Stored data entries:
+===+

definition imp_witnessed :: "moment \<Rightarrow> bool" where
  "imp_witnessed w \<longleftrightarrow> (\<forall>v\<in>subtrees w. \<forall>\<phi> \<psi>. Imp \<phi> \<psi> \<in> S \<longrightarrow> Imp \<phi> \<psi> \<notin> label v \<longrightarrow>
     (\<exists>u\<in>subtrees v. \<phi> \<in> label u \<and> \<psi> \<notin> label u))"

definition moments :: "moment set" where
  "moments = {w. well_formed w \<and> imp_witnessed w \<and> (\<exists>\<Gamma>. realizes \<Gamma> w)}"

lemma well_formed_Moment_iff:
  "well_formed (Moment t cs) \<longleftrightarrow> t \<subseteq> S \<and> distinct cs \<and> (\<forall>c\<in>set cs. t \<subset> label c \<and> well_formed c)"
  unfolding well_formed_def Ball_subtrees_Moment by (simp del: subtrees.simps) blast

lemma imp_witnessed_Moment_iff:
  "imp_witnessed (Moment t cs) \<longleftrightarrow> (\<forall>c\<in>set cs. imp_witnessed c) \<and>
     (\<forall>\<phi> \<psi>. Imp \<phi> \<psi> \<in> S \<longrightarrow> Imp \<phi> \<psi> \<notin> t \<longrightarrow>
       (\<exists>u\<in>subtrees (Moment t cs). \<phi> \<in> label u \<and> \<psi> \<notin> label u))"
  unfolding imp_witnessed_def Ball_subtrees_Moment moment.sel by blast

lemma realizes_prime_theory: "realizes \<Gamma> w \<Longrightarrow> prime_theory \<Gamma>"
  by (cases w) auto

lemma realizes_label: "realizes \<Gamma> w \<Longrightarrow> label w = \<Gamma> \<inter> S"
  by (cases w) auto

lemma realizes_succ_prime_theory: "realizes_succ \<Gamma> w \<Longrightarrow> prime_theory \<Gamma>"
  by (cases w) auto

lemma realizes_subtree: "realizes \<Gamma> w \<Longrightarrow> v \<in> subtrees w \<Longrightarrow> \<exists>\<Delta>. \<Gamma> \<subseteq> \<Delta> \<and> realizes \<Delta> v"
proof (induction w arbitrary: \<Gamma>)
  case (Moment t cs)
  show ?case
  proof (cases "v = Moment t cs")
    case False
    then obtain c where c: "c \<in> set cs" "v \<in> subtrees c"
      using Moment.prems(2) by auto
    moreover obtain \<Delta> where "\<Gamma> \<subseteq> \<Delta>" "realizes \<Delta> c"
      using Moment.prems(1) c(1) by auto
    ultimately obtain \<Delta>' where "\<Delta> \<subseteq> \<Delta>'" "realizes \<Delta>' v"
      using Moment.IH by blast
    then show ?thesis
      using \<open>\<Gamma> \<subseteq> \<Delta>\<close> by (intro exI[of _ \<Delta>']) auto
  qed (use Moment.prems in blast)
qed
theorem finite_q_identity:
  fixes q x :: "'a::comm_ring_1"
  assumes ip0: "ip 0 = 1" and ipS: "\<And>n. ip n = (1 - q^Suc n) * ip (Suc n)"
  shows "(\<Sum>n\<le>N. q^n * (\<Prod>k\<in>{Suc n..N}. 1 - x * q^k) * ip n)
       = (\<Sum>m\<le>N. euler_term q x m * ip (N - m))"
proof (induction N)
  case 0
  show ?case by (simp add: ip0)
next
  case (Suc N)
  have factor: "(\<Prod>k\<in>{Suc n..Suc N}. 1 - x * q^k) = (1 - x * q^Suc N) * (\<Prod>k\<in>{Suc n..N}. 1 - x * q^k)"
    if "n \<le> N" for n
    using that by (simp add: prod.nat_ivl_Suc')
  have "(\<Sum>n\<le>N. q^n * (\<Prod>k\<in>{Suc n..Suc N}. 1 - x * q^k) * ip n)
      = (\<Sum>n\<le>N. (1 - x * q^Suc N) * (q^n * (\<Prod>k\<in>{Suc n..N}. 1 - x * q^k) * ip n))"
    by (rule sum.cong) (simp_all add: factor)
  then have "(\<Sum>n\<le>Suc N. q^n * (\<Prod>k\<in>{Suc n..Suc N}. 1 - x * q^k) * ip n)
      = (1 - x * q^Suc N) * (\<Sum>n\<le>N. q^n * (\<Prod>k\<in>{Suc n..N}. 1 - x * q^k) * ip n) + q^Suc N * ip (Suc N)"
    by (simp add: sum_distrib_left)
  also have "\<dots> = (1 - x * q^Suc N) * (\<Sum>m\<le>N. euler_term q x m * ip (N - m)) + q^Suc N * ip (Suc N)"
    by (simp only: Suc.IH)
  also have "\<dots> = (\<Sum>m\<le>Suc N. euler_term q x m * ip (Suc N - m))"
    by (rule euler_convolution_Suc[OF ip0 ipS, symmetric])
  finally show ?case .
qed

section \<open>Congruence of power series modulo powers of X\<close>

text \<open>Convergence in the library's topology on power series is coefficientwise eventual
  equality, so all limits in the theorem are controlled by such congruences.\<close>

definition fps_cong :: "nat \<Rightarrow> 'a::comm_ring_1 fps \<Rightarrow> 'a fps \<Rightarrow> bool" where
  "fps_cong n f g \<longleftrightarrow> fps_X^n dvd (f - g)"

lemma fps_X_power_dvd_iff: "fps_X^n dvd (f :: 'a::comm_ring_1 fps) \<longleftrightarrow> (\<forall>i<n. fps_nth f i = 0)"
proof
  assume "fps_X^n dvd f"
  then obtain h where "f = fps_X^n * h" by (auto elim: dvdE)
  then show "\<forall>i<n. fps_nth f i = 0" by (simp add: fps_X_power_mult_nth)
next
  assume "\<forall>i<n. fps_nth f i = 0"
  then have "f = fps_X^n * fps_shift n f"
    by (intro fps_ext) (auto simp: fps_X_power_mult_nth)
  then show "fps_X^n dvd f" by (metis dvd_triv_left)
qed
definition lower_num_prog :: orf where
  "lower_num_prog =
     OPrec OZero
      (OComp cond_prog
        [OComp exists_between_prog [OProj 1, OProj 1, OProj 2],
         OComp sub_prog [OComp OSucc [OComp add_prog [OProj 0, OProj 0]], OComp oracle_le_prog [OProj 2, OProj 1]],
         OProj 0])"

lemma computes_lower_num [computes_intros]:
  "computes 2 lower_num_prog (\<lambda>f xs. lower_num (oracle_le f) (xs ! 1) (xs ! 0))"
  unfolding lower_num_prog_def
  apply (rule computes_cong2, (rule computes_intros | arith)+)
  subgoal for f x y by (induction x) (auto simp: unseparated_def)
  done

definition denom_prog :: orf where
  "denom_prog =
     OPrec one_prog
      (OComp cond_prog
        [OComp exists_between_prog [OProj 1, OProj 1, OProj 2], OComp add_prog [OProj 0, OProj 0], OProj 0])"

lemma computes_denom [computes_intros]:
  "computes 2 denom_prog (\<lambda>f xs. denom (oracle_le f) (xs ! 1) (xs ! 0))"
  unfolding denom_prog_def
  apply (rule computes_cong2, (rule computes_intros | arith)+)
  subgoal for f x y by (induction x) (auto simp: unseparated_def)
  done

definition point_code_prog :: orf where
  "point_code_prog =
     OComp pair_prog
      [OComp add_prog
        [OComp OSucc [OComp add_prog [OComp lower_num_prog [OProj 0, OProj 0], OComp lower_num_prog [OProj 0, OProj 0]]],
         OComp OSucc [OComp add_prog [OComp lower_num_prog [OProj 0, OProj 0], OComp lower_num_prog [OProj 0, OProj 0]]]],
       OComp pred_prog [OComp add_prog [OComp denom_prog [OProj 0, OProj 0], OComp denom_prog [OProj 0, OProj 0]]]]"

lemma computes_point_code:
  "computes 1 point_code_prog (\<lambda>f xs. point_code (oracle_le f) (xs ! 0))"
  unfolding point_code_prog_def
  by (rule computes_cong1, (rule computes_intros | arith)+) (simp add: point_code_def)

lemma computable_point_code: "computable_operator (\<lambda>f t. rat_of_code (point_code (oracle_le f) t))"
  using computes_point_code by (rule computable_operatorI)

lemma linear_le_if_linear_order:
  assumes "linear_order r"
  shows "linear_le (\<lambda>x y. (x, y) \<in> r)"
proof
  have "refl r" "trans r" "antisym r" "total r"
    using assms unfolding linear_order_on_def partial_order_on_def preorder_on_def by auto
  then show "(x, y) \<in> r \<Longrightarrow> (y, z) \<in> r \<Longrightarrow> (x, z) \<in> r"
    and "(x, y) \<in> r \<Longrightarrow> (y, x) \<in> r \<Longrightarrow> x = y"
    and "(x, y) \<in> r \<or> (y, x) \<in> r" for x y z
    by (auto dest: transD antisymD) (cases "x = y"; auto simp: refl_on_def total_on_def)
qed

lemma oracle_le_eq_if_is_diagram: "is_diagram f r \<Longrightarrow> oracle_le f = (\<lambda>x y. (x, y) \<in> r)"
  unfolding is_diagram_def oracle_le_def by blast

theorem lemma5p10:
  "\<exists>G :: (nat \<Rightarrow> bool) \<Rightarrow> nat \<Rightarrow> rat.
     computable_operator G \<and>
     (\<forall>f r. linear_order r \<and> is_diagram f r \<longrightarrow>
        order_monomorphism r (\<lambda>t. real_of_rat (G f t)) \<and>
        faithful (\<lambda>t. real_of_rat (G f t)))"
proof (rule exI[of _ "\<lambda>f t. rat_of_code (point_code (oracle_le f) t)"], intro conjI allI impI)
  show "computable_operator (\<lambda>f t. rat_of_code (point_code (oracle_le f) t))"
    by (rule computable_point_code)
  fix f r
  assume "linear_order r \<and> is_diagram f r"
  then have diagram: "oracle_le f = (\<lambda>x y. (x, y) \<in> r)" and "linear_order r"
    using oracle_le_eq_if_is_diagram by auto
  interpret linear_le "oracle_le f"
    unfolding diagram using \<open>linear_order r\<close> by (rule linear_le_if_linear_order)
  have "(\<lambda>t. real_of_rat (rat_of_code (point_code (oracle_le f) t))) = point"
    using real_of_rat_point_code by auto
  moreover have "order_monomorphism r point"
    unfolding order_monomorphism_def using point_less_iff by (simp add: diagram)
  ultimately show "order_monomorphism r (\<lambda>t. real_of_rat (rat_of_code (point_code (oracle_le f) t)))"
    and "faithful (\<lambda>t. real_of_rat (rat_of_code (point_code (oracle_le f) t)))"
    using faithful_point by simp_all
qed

+===+

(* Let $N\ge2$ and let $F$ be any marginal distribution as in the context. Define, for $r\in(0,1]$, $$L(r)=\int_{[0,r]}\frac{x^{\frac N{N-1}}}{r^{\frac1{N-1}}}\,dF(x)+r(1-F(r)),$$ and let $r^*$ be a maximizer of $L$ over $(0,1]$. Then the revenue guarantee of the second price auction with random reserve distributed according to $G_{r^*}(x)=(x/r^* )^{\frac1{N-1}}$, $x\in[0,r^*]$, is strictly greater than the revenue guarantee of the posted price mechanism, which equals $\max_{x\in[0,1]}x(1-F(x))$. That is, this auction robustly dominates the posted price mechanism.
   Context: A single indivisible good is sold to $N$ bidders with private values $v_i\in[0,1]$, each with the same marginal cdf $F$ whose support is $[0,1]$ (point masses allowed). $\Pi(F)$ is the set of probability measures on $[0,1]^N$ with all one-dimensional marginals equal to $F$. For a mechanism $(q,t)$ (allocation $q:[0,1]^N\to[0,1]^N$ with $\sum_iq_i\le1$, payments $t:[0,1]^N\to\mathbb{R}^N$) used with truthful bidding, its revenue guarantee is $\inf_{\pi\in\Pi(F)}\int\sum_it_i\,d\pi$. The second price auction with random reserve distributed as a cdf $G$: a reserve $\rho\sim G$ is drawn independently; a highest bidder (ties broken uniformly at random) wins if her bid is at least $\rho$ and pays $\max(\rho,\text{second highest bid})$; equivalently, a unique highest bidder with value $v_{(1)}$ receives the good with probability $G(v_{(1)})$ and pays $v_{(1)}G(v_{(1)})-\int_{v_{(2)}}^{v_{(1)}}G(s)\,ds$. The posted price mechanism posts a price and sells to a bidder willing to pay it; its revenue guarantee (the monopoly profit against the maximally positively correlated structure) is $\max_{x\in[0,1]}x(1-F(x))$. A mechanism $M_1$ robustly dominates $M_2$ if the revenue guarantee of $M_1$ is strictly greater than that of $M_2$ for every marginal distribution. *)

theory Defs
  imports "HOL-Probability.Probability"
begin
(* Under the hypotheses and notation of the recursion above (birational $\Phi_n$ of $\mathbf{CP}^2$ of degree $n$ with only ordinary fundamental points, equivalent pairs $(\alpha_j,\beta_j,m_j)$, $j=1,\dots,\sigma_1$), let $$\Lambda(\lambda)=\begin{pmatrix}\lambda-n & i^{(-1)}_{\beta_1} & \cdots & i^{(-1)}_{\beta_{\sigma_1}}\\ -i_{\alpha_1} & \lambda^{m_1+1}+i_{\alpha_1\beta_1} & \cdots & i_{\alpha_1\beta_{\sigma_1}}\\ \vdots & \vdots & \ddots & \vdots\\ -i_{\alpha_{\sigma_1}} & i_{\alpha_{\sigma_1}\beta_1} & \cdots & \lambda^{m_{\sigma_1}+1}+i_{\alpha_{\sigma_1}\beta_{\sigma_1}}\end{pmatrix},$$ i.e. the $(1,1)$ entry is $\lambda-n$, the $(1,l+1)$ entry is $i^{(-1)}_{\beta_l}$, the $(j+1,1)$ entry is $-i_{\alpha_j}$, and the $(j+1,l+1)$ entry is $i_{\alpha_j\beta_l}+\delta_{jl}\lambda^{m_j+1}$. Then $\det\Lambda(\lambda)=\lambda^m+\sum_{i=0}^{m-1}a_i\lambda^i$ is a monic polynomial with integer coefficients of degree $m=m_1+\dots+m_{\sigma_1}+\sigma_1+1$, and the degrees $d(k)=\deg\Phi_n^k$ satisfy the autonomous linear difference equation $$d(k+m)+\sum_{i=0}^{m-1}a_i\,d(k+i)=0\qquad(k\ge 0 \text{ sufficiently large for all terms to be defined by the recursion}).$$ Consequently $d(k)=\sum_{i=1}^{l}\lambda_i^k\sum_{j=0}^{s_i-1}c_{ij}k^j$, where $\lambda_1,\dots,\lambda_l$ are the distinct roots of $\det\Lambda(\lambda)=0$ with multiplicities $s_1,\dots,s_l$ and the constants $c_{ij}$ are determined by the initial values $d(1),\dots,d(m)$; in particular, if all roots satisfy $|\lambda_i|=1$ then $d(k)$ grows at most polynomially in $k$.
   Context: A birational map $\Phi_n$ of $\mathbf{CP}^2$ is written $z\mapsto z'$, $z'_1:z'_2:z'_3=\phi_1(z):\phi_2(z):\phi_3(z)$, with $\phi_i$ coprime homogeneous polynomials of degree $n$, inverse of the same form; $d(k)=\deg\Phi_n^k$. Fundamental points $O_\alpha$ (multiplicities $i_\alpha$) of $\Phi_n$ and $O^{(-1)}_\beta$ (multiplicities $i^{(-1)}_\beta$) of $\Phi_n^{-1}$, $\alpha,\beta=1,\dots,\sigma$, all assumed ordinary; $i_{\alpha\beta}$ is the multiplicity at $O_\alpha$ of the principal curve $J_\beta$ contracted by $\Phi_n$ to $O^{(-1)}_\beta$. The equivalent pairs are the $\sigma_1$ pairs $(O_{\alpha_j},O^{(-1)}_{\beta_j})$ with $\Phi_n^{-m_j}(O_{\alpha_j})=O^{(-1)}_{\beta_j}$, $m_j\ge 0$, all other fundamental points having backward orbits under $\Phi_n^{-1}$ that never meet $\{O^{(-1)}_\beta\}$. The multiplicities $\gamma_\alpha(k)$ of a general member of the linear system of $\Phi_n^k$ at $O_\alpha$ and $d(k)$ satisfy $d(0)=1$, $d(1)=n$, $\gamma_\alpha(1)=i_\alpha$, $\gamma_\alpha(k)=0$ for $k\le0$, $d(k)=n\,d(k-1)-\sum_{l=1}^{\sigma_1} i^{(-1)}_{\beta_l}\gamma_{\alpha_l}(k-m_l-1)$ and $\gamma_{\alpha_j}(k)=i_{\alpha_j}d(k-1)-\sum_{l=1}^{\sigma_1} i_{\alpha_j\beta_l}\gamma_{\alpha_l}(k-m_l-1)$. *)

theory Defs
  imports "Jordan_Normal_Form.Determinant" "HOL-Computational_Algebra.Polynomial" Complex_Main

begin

+===+

## EXERCISE BRIEF:
For the data above, give the number of lines in which the word "moments" appears, and nothing more.

## THE COMPLETED TASK:
2